People lined up to get into the stadium like they would line up to get
into a popular restaurant, Pinton says. "People attracted people. And the
Cosmos made this happen all over the U.S," he says. "It drew record crowds
in Seattle, in Miami, in Tampa, Boston, in Chicago and then they went all
over the world. They went even into China when nobody was reaching to
China those years."
But for 40 years, the U.S. was unable to qualify for World Cup games
because most of the players on its soccer teams were not American
citizens. Finally, in 1990, with enough home-grown or naturalized players
on its rosters, the U.S. was able to field a World Cup team.
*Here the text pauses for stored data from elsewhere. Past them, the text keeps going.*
(* Let $L>0$, $g\in L^2(0,L;\mathbb{C})$, $\lambda_0=\int_0^L\overline{g(x)}dx$, $\lambda_k=\frac{2ik\pi}{L}$ for $k\in\mathbb{Z}\setminus\{0\}$, and assume $\lambda_0\ne\lambda_k$ for all $k\ne0$. Define $\phi_0(x)=1$ and, for $k\ne0$, $\phi_k(x)=e^{-\lambda_kx}+\frac{1}{\lambda_k-\lambda_0}\int_0^L\overline{g(s)}e^{-\lambda_ks}ds$ (these are the eigenfunctions of $\tilde A^*$). Then: (1) $\{\phi_k\}_{k\in\mathbb{Z}}$ is a Riesz basis of $L^2(0,L)$; (2) if $1+\frac{1}{\lambda_k-\lambda_0}\int_0^L\overline{g(x)}e^{-\lambda_kx}dx\ne0$ for all $k\ne0$, then $\inf_{k\in\mathbb{Z}}|\tilde B^*\phi_k|>0$; (3) $\{e^{-\overline{\lambda_k}t}\}_{k\in\mathbb{Z}}$ is a Riesz basis of $L^2(0,L)$.
   Context: $\tilde A^*$ is the operator on $L^2(0,L)$ with domain $\{z\in H^1(0,L):z(L)=z(0)\}$, $\tilde A^*z(x)=-z'(x)+\int_0^L\overline{g(y)}z(y)dy$; $\tilde B^*z=z(L)$. A Riesz basis of a Hilbert space is the image of an orthonormal basis under a bounded invertible linear operator. *)

theory Defs
  imports "HOL-Analysis.Analysis"
begin

text \<open>Concrete model of the Hilbert space L^2(0,L;C): complex-valued functions on the reals,
  considered on [0,L] with Lebesgue measure, modulo equality almost everywhere.\<close>

definition L2 :: "real \<Rightarrow> (real \<Rightarrow> complex) set" where
  "L2 L = {f. f \<in> borel_measurable (lebesgue_on {0..L})
             \<and> integrable (lebesgue_on {0..L}) (\<lambda>x. (cmod (f x))\<^sup>2)}"

definition l2_inner :: "real \<Rightarrow> (real \<Rightarrow> complex) \<Rightarrow> (real \<Rightarrow> complex) \<Rightarrow> complex" where
  "l2_inner L f g = (LINT x|lebesgue_on {0..L}. f x * cnj (g x))"

definition l2_norm :: "real \<Rightarrow> (real \<Rightarrow> complex) \<Rightarrow> real" where
  "l2_norm L f = sqrt (LINT x|lebesgue_on {0..L}. (cmod (f x))\<^sup>2)"

definition ae_eq :: "real \<Rightarrow> (real \<Rightarrow> complex) \<Rightarrow> (real \<Rightarrow> complex) \<Rightarrow> bool" where
  "ae_eq L f g \<longleftrightarrow> (AE x in lebesgue_on {0..L}. f x = g x)"

definition orthonormal_basis :: "real \<Rightarrow> (int \<Rightarrow> real \<Rightarrow> complex) \<Rightarrow> bool" where
  "orthonormal_basis L e \<longleftrightarrow>
     (\<forall>k. e k \<in> L2 L)
     \<and> (\<forall>j k. l2_inner L (e j) (e k) = (if j = k then 1 else 0))
     \<and> (\<forall>f\<in>L2 L. \<forall>\<epsilon>>0. \<exists>F c. finite F \<and>
           l2_norm L (\<lambda>x. f x - (\<Sum>k\<in>F. c k * e k x)) < \<epsilon>)"

definition bounded_linear_L2 :: "real \<Rightarrow> ((real \<Rightarrow> complex) \<Rightarrow> (real \<Rightarrow> complex)) \<Rightarrow> bool" where
  "bounded_linear_L2 L T \<longleftrightarrow>
     (\<forall>f\<in>L2 L. T f \<in> L2 L)
     \<and> (\<forall>f\<in>L2 L. \<forall>g\<in>L2 L. ae_eq L f g \<longrightarrow> ae_eq L (T f) (T g))
     \<and> (\<forall>f\<in>L2 L. \<forall>g\<in>L2 L. \<forall>a b::complex.
          ae_eq L (T (\<lambda>x. a * f x + b * g x)) (\<lambda>x. a * T f x + b * T g x))
     \<and> (\<exists>C. \<forall>f\<in>L2 L. l2_norm L (T f) \<le> C * l2_norm L f)"

definition riesz_basis :: "real \<Rightarrow> (int \<Rightarrow> real \<Rightarrow> complex) \<Rightarrow> bool" where
  "riesz_basis L \<phi> \<longleftrightarrow>
     (\<exists>e T S. orthonormal_basis L e
        \<and> bounded_linear_L2 L T \<and> bounded_linear_L2 L S
        \<and> (\<forall>f\<in>L2 L. ae_eq L (S (T f)) f \<and> ae_eq L (T (S f)) f)
        \<and> (\<forall>k. ae_eq L (T (e k)) (\<phi> k)))"

definition lam :: "real \<Rightarrow> (real \<Rightarrow> complex) \<Rightarrow> int \<Rightarrow> complex" where
  "lam L g k = (if k = 0 then (LINT x|lebesgue_on {0..L}. cnj (g x))
                else 2 * \<i> * of_int k * of_real pi / of_real L)"

definition phi :: "real \<Rightarrow> (real \<Rightarrow> complex) \<Rightarrow> int \<Rightarrow> real \<Rightarrow> complex" where
  "phi L g k x = (if k = 0 then 1
     else exp (- lam L g k * of_real x)
          + 1 / (lam L g k - lam L g 0)
            * (LINT s|lebesgue_on {0..L}. cnj (g s) * exp (- lam L g k * of_real s)))"

end

theory Submission
  imports Defs
begin
lemma Sr_of_nat: "Sr (of_nat n) = range of_nat"
proof
  show "Sr (of_nat n) \<subseteq> range of_nat"
  proof
    fix x assume "x \<in> Sr (of_nat n)"
    then show "x \<in> range of_nat"
    proof (induction rule: Sr.induct)
      case zero
      show ?case
        using range_eqI[of 0 of_nat 0] by simp
    next
      case (gen k)
      show ?case
        using range_eqI[of _ of_nat "n ^ k"] by simp
    next
      case (add x y)
      then obtain a b where "x = of_nat a" "y = of_nat b"
        by auto
      then show ?case
        using range_eqI[of "x + y" of_nat "a + b"] by simp
    qed
  qed
  show "range of_nat \<subseteq> Sr (of_nat n)"
    using of_nat_in_Sr by auto
qed

lemma Sr_nonzero_eq_power_add: "x \<in> Sr r \<Longrightarrow> x \<noteq> 0 \<Longrightarrow> \<exists>n. \<exists>w\<in>Sr r. x = r ^ n + w"
proof (induction rule: Sr.induct)
  case (gen n)
  show ?case
    by (intro exI[of _ n] bexI[of _ 0] Sr.zero) simp
next
  case (add x y)
  show ?case
  proof (cases "x = 0")
    case False
    then obtain n w where "w \<in> Sr r" "x = r ^ n + w"
      using add by auto
    then show ?thesis
      using Sr.add[of w r y] add.hyps(2) by (metis add.assoc)
  qed (use add in auto)
qed simp

lemma Sr_eq_of_nat_add_mult: "x \<in> Sr r \<Longrightarrow> \<exists>k. \<exists>y\<in>Sr r. x = of_nat k + r * y"
proof (induction rule: Sr.induct)
  case zero
  then show ?case
    using Sr.zero by force
next
  case (gen n)
  show ?case
  proof (cases n)
    case 0
    then show ?thesis
      using Sr.zero by (intro exI[of _ 1] bexI[of _ 0]) auto
  next
    case (Suc m)
    then show ?thesis
      using Sr.gen[of r m] by (intro exI[of _ 0] bexI[of _ "r ^ m"]) auto
  qed
next
  case (add x y)
  then obtain k1 y1 k2 y2 where "y1 \<in> Sr r" "x = of_nat k1 + r * y1" "y2 \<in> Sr r" "y = of_nat k2 + r * y2"
    by blast
  then show ?case
    using Sr.add[of y1 r y2] by (intro exI[of _ "k1 + k2"] bexI[of _ "y1 + y2"]) (auto simp: algebra_simps)
qed

lemma dvdS_add_self: "w \<in> Sr r \<Longrightarrow> dvdS r x (x + w)"
  unfolding dvdS_def by blast

lemma dvdS_imp_le: "0 < r \<Longrightarrow> dvdS r x y \<Longrightarrow> x \<le> y"
  unfolding dvdS_def using Sr_nonneg by fastforce

lemma one_dvdS_of_nat: "0 < k \<Longrightarrow> dvdS r 1 (of_nat k)"
  using dvdS_add_self[OF of_nat_in_Sr, of r 1 "k - 1"] by simp

lemma Sr_denominator:
  assumes "r = of_nat p / of_nat q" "0 < q" "x \<in> Sr r"
  shows "\<exists>a j. x * of_nat (q ^ j) = of_nat a"
  using assms(3)
proof (induction rule: Sr.induct)
  case (gen n)
  have "r ^ n * of_nat (q ^ n) = of_nat (p ^ n)"
    using assms(1,2) by (simp add: power_divide)
  then show ?case
    by blast
next
  case (add x y)
  then obtain a i b j where ab: "x * of_nat (q ^ i) = of_nat a" "y * of_nat (q ^ j) = of_nat b"
    by blast
  have "(x + y) * of_nat (q ^ (i + j))
      = x * of_nat (q ^ i) * of_nat (q ^ j) + y * of_nat (q ^ j) * of_nat (q ^ i)"
    by (simp add: power_add algebra_simps)
  also have "\<dots> = of_nat (a * q ^ j + b * q ^ i)"
    unfolding ab by simp
  finally show ?case
    by blast
qed auto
Peppe Pinton says the American victory in the first women's World Cup Championship in
1991 paved the way to a record attendance by American soccer fans
when the U.S. hosted the 1994 World Cup games. "When the World Cup was
here in 1994," he recalls, "you may recall,every single stadium was packed. So
you see, Americans love events, number one. They do not like boredom and
they love winners. So tomorrow, if I could assemble again the Cosmos, with
Ronaldo, Raul, Zaidan, and I play at the Giant stadium any international
team, I would pull 70,000 people to the Giants Stadium."
But the average U.S. soccer team today is NOT packed
with superstars, and despite the growing interest American young people
have shown in playing the game, pro soccer has simply not caught fire with
a sports-obsessed American public. Even though the U.S. has qualified for
the World Cup five times in a row since 1990 --
and even reached the quarterfinals in 2002 -- the poor performance by the
U.S. team in Germany this year could set back
efforts to boost the image and appeal of American
soccer.
Peppe Pinton has a few ideas about how to make soccer
a big-time sport in the United States. "It will take a stronger league,"
he says, "one that can play all year round. And we need to import
stronger coaches. They are the teachers of the game, not people that are here just
for the money, but because they understand that the job has to be done.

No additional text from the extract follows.